● **Available records**:
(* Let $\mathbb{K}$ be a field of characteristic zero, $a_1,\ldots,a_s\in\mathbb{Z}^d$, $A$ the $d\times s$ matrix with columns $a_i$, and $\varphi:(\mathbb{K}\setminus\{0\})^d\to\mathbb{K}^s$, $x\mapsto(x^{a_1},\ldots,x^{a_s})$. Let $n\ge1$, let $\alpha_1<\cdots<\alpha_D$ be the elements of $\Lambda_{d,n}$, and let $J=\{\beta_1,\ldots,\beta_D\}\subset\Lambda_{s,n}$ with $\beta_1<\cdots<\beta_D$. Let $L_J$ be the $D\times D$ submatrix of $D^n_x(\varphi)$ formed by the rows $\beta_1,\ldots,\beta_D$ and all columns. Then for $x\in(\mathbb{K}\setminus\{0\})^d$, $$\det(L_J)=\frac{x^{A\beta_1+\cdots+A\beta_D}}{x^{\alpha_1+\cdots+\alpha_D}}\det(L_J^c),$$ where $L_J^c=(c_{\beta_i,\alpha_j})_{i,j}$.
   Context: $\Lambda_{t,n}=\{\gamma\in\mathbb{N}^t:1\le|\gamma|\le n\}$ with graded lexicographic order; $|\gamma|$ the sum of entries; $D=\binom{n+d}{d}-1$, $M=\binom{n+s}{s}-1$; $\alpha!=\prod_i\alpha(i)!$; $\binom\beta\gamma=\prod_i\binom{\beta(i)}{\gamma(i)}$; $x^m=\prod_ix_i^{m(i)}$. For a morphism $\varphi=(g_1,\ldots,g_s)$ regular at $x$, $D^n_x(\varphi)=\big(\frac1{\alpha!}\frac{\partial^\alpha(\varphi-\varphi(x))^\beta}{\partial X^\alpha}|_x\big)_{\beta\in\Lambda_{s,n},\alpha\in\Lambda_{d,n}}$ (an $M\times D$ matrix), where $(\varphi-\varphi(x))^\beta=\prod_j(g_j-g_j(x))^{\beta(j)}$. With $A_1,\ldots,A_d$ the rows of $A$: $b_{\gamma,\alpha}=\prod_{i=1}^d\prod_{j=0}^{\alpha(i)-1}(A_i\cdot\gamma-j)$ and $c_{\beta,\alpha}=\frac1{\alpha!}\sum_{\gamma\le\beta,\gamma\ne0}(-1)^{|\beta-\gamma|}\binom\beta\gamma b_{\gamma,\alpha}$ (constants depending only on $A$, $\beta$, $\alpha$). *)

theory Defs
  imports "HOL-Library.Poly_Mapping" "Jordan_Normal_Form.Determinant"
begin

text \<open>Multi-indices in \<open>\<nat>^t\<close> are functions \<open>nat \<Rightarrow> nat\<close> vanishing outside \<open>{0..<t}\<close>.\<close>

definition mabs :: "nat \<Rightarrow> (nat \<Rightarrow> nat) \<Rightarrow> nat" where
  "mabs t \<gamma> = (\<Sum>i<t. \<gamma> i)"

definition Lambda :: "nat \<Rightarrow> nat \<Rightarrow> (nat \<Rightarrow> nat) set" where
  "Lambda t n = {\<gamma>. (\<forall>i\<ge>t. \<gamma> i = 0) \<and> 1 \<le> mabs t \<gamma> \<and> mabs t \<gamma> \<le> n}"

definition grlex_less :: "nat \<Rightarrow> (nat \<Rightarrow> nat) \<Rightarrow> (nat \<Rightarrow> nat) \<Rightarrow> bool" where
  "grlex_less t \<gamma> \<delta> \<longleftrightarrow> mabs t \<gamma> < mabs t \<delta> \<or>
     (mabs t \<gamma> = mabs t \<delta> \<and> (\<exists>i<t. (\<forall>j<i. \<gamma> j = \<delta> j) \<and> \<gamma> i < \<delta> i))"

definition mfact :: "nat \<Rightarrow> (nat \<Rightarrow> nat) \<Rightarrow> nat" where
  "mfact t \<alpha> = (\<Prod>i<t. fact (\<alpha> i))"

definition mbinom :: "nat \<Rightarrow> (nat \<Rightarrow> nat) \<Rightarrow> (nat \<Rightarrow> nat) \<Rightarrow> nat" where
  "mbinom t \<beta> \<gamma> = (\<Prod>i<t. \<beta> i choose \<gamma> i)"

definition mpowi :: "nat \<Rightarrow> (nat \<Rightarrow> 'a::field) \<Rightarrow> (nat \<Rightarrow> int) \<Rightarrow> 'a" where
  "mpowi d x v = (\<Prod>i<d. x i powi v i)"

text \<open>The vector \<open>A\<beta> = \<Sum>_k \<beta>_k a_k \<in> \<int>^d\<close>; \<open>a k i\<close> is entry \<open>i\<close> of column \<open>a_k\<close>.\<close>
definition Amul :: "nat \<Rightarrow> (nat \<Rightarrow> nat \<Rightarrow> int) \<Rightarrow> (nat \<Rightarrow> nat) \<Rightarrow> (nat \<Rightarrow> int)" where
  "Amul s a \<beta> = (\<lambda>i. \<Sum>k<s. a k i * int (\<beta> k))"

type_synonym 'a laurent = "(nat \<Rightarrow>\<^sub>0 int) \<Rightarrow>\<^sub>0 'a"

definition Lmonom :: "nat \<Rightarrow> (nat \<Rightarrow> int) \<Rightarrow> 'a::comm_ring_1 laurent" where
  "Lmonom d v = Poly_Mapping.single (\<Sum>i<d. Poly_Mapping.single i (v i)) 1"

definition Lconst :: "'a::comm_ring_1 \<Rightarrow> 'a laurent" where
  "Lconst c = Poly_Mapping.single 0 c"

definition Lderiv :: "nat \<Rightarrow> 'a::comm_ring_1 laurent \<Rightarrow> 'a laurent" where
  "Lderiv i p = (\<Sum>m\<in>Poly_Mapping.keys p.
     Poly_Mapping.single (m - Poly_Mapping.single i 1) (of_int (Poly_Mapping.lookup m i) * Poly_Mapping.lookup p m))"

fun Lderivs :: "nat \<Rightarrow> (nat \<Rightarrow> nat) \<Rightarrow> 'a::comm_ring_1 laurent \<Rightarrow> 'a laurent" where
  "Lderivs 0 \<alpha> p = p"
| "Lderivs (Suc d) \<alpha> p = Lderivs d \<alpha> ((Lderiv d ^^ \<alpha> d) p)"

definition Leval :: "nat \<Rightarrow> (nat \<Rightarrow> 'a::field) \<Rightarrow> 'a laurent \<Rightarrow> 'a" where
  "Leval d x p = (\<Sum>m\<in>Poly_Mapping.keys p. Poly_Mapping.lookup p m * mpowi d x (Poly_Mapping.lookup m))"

● **Task objective**: Beginning with the line that holds "text \<open>The vector" and ending with the last line of the material, output each line exactly and nothing beyond them.

● **Output for this exercise**:
text \<open>The vector \<open>A\<beta> = \<Sum>_k \<beta>_k a_k \<in> \<int>^d\<close>; \<open>a k i\<close> is entry \<open>i\<close> of column \<open>a_k\<close>.\<close>
definition Amul :: "nat \<Rightarrow> (nat \<Rightarrow> nat \<Rightarrow> int) \<Rightarrow> (nat \<Rightarrow> nat) \<Rightarrow> (nat \<Rightarrow> int)" where
  "Amul s a \<beta> = (\<lambda>i. \<Sum>k<s. a k i * int (\<beta> k))"

type_synonym 'a laurent = "(nat \<Rightarrow>\<^sub>0 int) \<Rightarrow>\<^sub>0 'a"

definition Lmonom :: "nat \<Rightarrow> (nat \<Rightarrow> int) \<Rightarrow> 'a::comm_ring_1 laurent" where
  "Lmonom d v = Poly_Mapping.single (\<Sum>i<d. Poly_Mapping.single i (v i)) 1"

definition Lconst :: "'a::comm_ring_1 \<Rightarrow> 'a laurent" where
  "Lconst c = Poly_Mapping.single 0 c"

definition Lderiv :: "nat \<Rightarrow> 'a::comm_ring_1 laurent \<Rightarrow> 'a laurent" where
  "Lderiv i p = (\<Sum>m\<in>Poly_Mapping.keys p.
     Poly_Mapping.single (m - Poly_Mapping.single i 1) (of_int (Poly_Mapping.lookup m i) * Poly_Mapping.lookup p m))"

fun Lderivs :: "nat \<Rightarrow> (nat \<Rightarrow> nat) \<Rightarrow> 'a::comm_ring_1 laurent \<Rightarrow> 'a laurent" where
  "Lderivs 0 \<alpha> p = p"
| "Lderivs (Suc d) \<alpha> p = Lderivs d \<alpha> ((Lderiv d ^^ \<alpha> d) p)"

definition Leval :: "nat \<Rightarrow> (nat \<Rightarrow> 'a::field) \<Rightarrow> 'a laurent \<Rightarrow> 'a" where
  "Leval d x p = (\<Sum>m\<in>Poly_Mapping.keys p. Poly_Mapping.lookup p m * mpowi d x (Poly_Mapping.lookup m))"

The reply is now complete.